Saved entries
lemma integrable_mpoly_sandwich:
  assumes "mpoly_le a f" "mpoly_le b g"
  shows "integrable lborel (\<lambda>x. f x ** W x ** cadj (g x))"
proof -
  obtain C D where C: "\<And>x. f x = (\<Sum>i\<le>a. x ^ i *\<^sub>R C i)" and D: "\<And>x. g x = (\<Sum>j\<le>b. x ^ j *\<^sub>R D j)"
    using assms unfolding mpoly_le_def by metis
  have "f x ** W x ** cadj (g x) = (\<Sum>i\<le>a. \<Sum>j\<le>b. C i ** (x ^ (i + j) *\<^sub>R W x) ** cadj (D j))" for x
    by (simp add: C D matrix_sum_left matrix_sum_right cadj_sum cadj_scaleR matrix_scaleR_left
        matrix_scaleR_right power_add scaleR_sum_right sum.swap[of _ "{..b}"] mult.commute)
  moreover have "integrable lborel (\<lambda>x. C i ** (x ^ (i + j) *\<^sub>R W x) ** cadj (D j))" for i j
    using integrable_bounded_linear[OF bounded_linear_matrix_sandwich[of "C i" "cadj (D j)"] moments[of "i + j"]] .
  then have "integrable lborel (\<lambda>x. \<Sum>i\<le>a. \<Sum>j\<le>b. C i ** (x ^ (i + j) *\<^sub>R W x) ** cadj (D j))"
    by (intro Bochner_Integration.integrable_sum)
  ultimately show ?thesis by simp
qed

lemma minner_diff_sum_left:
  assumes f: "mpoly_le a f" and h: "mpoly_le b h" and g: "\<And>k. k < n \<Longrightarrow> mpoly_le c (g k)"
  shows "minner W UNIV (\<lambda>x. f x - (\<Sum>k<n. B k ** g k x)) h
       = minner W UNIV f h - (\<Sum>k<n. B k ** minner W UNIV (g k) h)"
proof -
  let ?I = "\<lambda>f x. f x ** W x ** cadj (h x)"
  have integrable: "integrable lborel (\<lambda>x. B k ** ?I (g k) x)" if "k < n" for k
    using integrable_bounded_linear[OF bounded_linear_matrix_sandwich[of "B k" "mat 1"]
        integrable_mpoly_sandwich[OF g[OF that] h]] by simp
  have "(f x - (\<Sum>k<n. B k ** g k x)) ** W x ** cadj (h x) = ?I f x - (\<Sum>k<n. B k ** ?I (g k) x)" for x
    by (simp add: matrix_diff_rdistrib matrix_sum_left matrix_mul_assoc)
  moreover have "integrable lborel (\<lambda>x. \<Sum>k<n. B k ** ?I (g k) x)"
    by (intro Bochner_Integration.integrable_sum integrable) simp
  ultimately have "minner W UNIV (\<lambda>x. f x - (\<Sum>k<n. B k ** g k x)) h
      = (\<integral>x. ?I f x \<partial>lborel) - (\<integral>x. (\<Sum>k<n. B k ** ?I (g k) x) \<partial>lborel)"
    unfolding minner_UNIV
    using Bochner_Integration.integral_diff[OF integrable_mpoly_sandwich[OF f h]] by presburger
  also have "(\<integral>x. (\<Sum>k<n. B k ** ?I (g k) x) \<partial>lborel) = (\<Sum>k<n. \<integral>x. B k ** ?I (g k) x \<partial>lborel)"
    by (intro Bochner_Integration.integral_sum integrable) simp
  also have "\<dots> = (\<Sum>k<n. B k ** minner W UNIV (g k) h)"
  proof (rule sum.cong[OF refl])
    fix k assume "k \<in> {..<n}"
    then show "(\<integral>x. B k ** ?I (g k) x \<partial>lborel) = B k ** minner W UNIV (g k) h"
      using integral_bounded_linear[OF bounded_linear_matrix_sandwich[of "B k" "mat 1"]
          integrable_mpoly_sandwich[OF g h]]
      by (simp add: minner_UNIV)
  qed
  finally show ?thesis by (simp add: minner_UNIV)
qed

lemma minner_swap:
  assumes herm: "AE x in lborel. cadj (W x) = W x" and f: "mpoly_le a f" and g: "mpoly_le b g"
  shows "minner W UNIV g f = cadj (minner W UNIV f g)"
proof -
  have "cadj (minner W UNIV f g) = (\<integral>x. cadj (f x ** W x ** cadj (g x)) \<partial>lborel)"
    unfolding minner_UNIV
    by (rule integral_bounded_linear[OF bounded_linear_cadj integrable_mpoly_sandwich[OF f g], symmetric])
  also have "\<dots> = (\<integral>x. g x ** W x ** cadj (f x) \<partial>lborel)"
  proof (rule integral_cong_AE)
    show "(\<lambda>x. cadj (f x ** W x ** cadj (g x))) \<in> borel_measurable lborel"
      using integrable_bounded_linear[OF bounded_linear_cadj integrable_mpoly_sandwich[OF f g]] by auto
    show "(\<lambda>x. g x ** W x ** cadj (f x)) \<in> borel_measurable lborel"
      using integrable_mpoly_sandwich[OF g f] by auto
    show "AE x in lborel. cadj (f x ** W x ** cadj (g x)) = g x ** W x ** cadj (f x)"
      using herm by eventually_elim (simp add: cadj_mult matrix_mul_assoc)
  qed
  finally show ?thesis by (simp add: minner_UNIV)
qed

context
  assumes pos_def: "AE x in lborel. pos_def_mat (W x)"
begin

lemma AE_cadj_mult_vec_eq_0_if_quad_form_eq_0:
  assumes f: "mpoly_le d f" and zero: "quad_form v (minner W UNIV f f) = 0"
  shows "AE x in lborel. cadj (f x) *v v = 0"
proof -
  let ?F = "\<lambda>x. f x ** W x ** cadj (f x)"
  have integrable: "integrable lborel (\<lambda>x. quad_form v (?F x))"
    by (rule integrable_bounded_linear[OF bounded_linear_quad_form integrable_mpoly_sandwich[OF f f]])
  have "(\<integral>x. quad_form v (?F x) \<partial>lborel) = 0"
    using zero integral_bounded_linear[OF bounded_linear_quad_form integrable_mpoly_sandwich[OF f f]]
    by (simp add: minner_UNIV)
  moreover have "AE x in lborel. 0 \<le> quad_form v (?F x)"
    using pos_def by eventually_elim (simp add: quad_form_sandwich quad_form_nonneg)
  ultimately have "AE x in lborel. quad_form (cadj (f x) *v v) (W x) = 0"
    using integrable by (simp add: integral_nonneg_eq_0_iff_AE quad_form_sandwich)
  with pos_def show ?thesis
    by eventually_elim (auto simp: pos_def_mat_iff_quad_form)
qed

lemma invertible_minner_monic:
  assumes "monic_deg d f"
  shows "invertible (minner W UNIV f f)"
proof -
  obtain C where C1: "C d = mat 1" and C: "\<And>x. f x = (\<Sum>k\<le>d. x ^ k *\<^sub>R C k)"
    using assms unfolding monic_deg_def by blast
  have "v = 0" if "minner W UNIV f f *v v = 0" for v
  proof (rule ccontr)
    assume "v \<noteq> 0"
    have "quad_form v (minner W UNIV f f) = 0"
      using that by (simp add: quad_form_def)
    then have "AE x in lborel. (\<Sum>k\<le>d. x ^ k *\<^sub>R (cadj (C k) *v v)) = 0"
      using AE_cadj_mult_vec_eq_0_if_quad_form_eq_0[OF monic_deg_imp_mpoly_le[OF assms]]
      by (simp add: C cadj_sum cadj_scaleR matrix_vector_mult_sum_left matrix_vector_mult_scaleR_left)
    with \<open>v \<noteq> 0\<close> show False using not_AE_poly_eq_0[of "\<lambda>k. cadj (C k) *v v" d] C1 by simp
  qed
  then show ?thesis
    using matrix_left_invertible_ker invertible_left_inverse by blast
qed

end

end

section \<open>Odd monic orthogonal polynomials\<close>

text \<open>Gram--Schmidt orthogonalisation of the odd monomials \<open>x ^ (2 * n + 1)\<close> with
  respect to \<open>W\<close>. The Gram matrices inverted here are invertible only when \<open>W\<close> is
  almost everywhere positive definite (\<open>invertible_minner_monic\<close>); otherwise
  \<open>matrix_inv\<close> yields an arbitrary matrix.\<close>

function odd_omp :: "(real \<Rightarrow> 'n::finite cmat) \<Rightarrow> nat \<Rightarrow> real \<Rightarrow> 'n cmat" where
  "odd_omp W n = (\<lambda>x. x ^ (2 * n + 1) *\<^sub>R mat 1 -
     (\<Sum>k<n. (minner W UNIV (\<lambda>t. t ^ (2 * n + 1) *\<^sub>R mat 1) (odd_omp W k)
              ** matrix_inv (minner W UNIV (odd_omp W k) (odd_omp W k))) ** odd_omp W k x))"
  by pat_completeness auto
termination by (relation "Wellfounded.measure snd") auto

declare odd_omp.simps [simp del]

lemma mpoly_le_odd_omp: "mpoly_le (2 * n + 1) (odd_omp W n)"
proof (induct n rule: less_induct)
  case (less n)
  have "mpoly_le (2 * n + 1) (odd_omp W k)" if "k < n" for k
    by (rule mpoly_le_mono[OF less[OF that]]) (use that in simp)
  then show ?case
    by (subst odd_omp.simps)
      (intro mpoly_le_diff mpoly_le_monom mpoly_le_sum mpoly_le_mult_const_left finite_lessThan; simp)
qed

lemma mpoly_le_odd_omp_less: "k < n \<Longrightarrow> mpoly_le (2 * n) (odd_omp W k)"
  by (rule mpoly_le_mono[OF mpoly_le_odd_omp]) simp

lemma monic_deg_odd_omp: "monic_deg (2 * n + 1) (odd_omp W n)"
  by (subst odd_omp.simps, rule monic_deg_intro[where d="2 * n"])
    (auto intro!: mpoly_le_sum mpoly_le_mult_const_left mpoly_le_odd_omp_less)

lemma odd_omp_uminus: "odd_omp W n (- x) = - odd_omp W n x"
proof (induct n rule: less_induct)
  case (less n)
  then show ?case
    by (subst (1 2) odd_omp.simps) (simp add: matrix_uminus_right sum_negf)
qed

context
  fixes W :: "real \<Rightarrow> 'n::finite cmat"
  assumes moments: "\<And>k. integrable lborel (\<lambda>x. x ^ k *\<^sub>R W x)"
    and pos_def: "AE x in lborel. pos_def_mat (W x)"
begin

lemma minner_odd_omp_swap:
  "minner W UNIV (odd_omp W m) (odd_omp W n) = cadj (minner W UNIV (odd_omp W n) (odd_omp W m))"
proof -
  have "AE x in lborel. cadj (W x) = W x"
    using pos_def by eventually_elim (simp add: pos_def_mat_def)
  then show ?thesis by (rule minner_swap[OF moments _ mpoly_le_odd_omp mpoly_le_odd_omp])
qed

lemma odd_omp_orthogonal_less: "j < n \<Longrightarrow> minner W UNIV (odd_omp W n) (odd_omp W j) = 0"
proof (induct n arbitrary: j rule: less_induct)
  case (less n)
  define a where "a k = minner W UNIV (\<lambda>t. t ^ (2 * n + 1) *\<^sub>R mat 1) (odd_omp W k)" for k
  define G where "G k = minner W UNIV (odd_omp W k) (odd_omp W k)" for k
  have orth: "minner W UNIV (odd_omp W k) (odd_omp W j) = 0" if "k < n" "k \<noteq> j" for k
    using less(1)[OF that(1)] less(1)[OF less(2)] that minner_odd_omp_swap[of k j]
    by (cases "j < k") auto
  have "minner W UNIV (odd_omp W n) (odd_omp W j)
      = a j - (\<Sum>k<n. (a k ** matrix_inv (G k)) ** minner W UNIV (odd_omp W k) (odd_omp W j))"
    unfolding a_def G_def
    by (subst odd_omp.simps[of W n], rule minner_diff_sum_left[OF moments mpoly_le_monom[OF order_refl]
          mpoly_le_odd_omp mpoly_le_odd_omp_less])
  also have "(\<Sum>k<n. (a k ** matrix_inv (G k)) ** minner W UNIV (odd_omp W k) (odd_omp W j))
      = (\<Sum>k<n. if k = j then (a j ** matrix_inv (G j)) ** G j else 0)"
    by (rule sum.cong) (auto simp: orth G_def)
  also have "\<dots> = (a j ** matrix_inv (G j)) ** G j"
    using less(2) by simp
  also have "\<dots> = a j"
    using matrix_inv_left[OF invertible_minner_monic[OF moments pos_def monic_deg_odd_omp]]
    by (simp add: G_def flip: matrix_mul_assoc)
  finally show ?case by simp
qed

lemma odd_omp_orthogonal: "m \<noteq> n \<Longrightarrow> minner W UNIV (odd_omp W n) (odd_omp W m) = 0"
  using odd_omp_orthogonal_less[of m n] odd_omp_orthogonal_less[of n m] minner_odd_omp_swap[of n m]
  by (cases "m < n") auto

end

section \<open>Even weights\<close>

lemma lborel_integral_odd_eq_0:
  fixes f :: "real \<Rightarrow> 'a::{banach, second_countable_topology}"
  assumes "\<And>x. f (- x) = - f x"
  shows "(\<integral>x. f x \<partial>lborel) = 0"
proof -
  have "(\<integral>x. f x \<partial>lborel) = \<bar>-1::real\<bar> *\<^sub>R (\<integral>x. f (0 + (-1) * x) \<partial>lborel)"
    by (rule lborel_integral_real_affine) simp
  also have "\<dots> = - (\<integral>x. f x \<partial>lborel)"
    using assms by simp
  finally have "(2::real) *\<^sub>R (\<integral>x. f x \<partial>lborel) = 0"
    by (simp add: scaleR_2 eq_neg_iff_add_eq_0)
  then show ?thesis by simp
qed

• Requirement
Starting from the top of the records and ending at the line that contains "matrix_scaleR_right power_add scaleR_sum_right", repeat each line exactly and return only those lines.

• Written response
lemma integrable_mpoly_sandwich:
  assumes "mpoly_le a f" "mpoly_le b g"
  shows "integrable lborel (\<lambda>x. f x ** W x ** cadj (g x))"
proof -
  obtain C D where C: "\<And>x. f x = (\<Sum>i\<le>a. x ^ i *\<^sub>R C i)" and D: "\<And>x. g x = (\<Sum>j\<le>b. x ^ j *\<^sub>R D j)"
    using assms unfolding mpoly_le_def by metis
  have "f x ** W x ** cadj (g x) = (\<Sum>i\<le>a. \<Sum>j\<le>b. C i ** (x ^ (i + j) *\<^sub>R W x) ** cadj (D j))" for x
    by (simp add: C D matrix_sum_left matrix_sum_right cadj_sum cadj_scaleR matrix_scaleR_left
        matrix_scaleR_right power_add scaleR_sum_right sum.swap[of _ "{..b}"] mult.commute)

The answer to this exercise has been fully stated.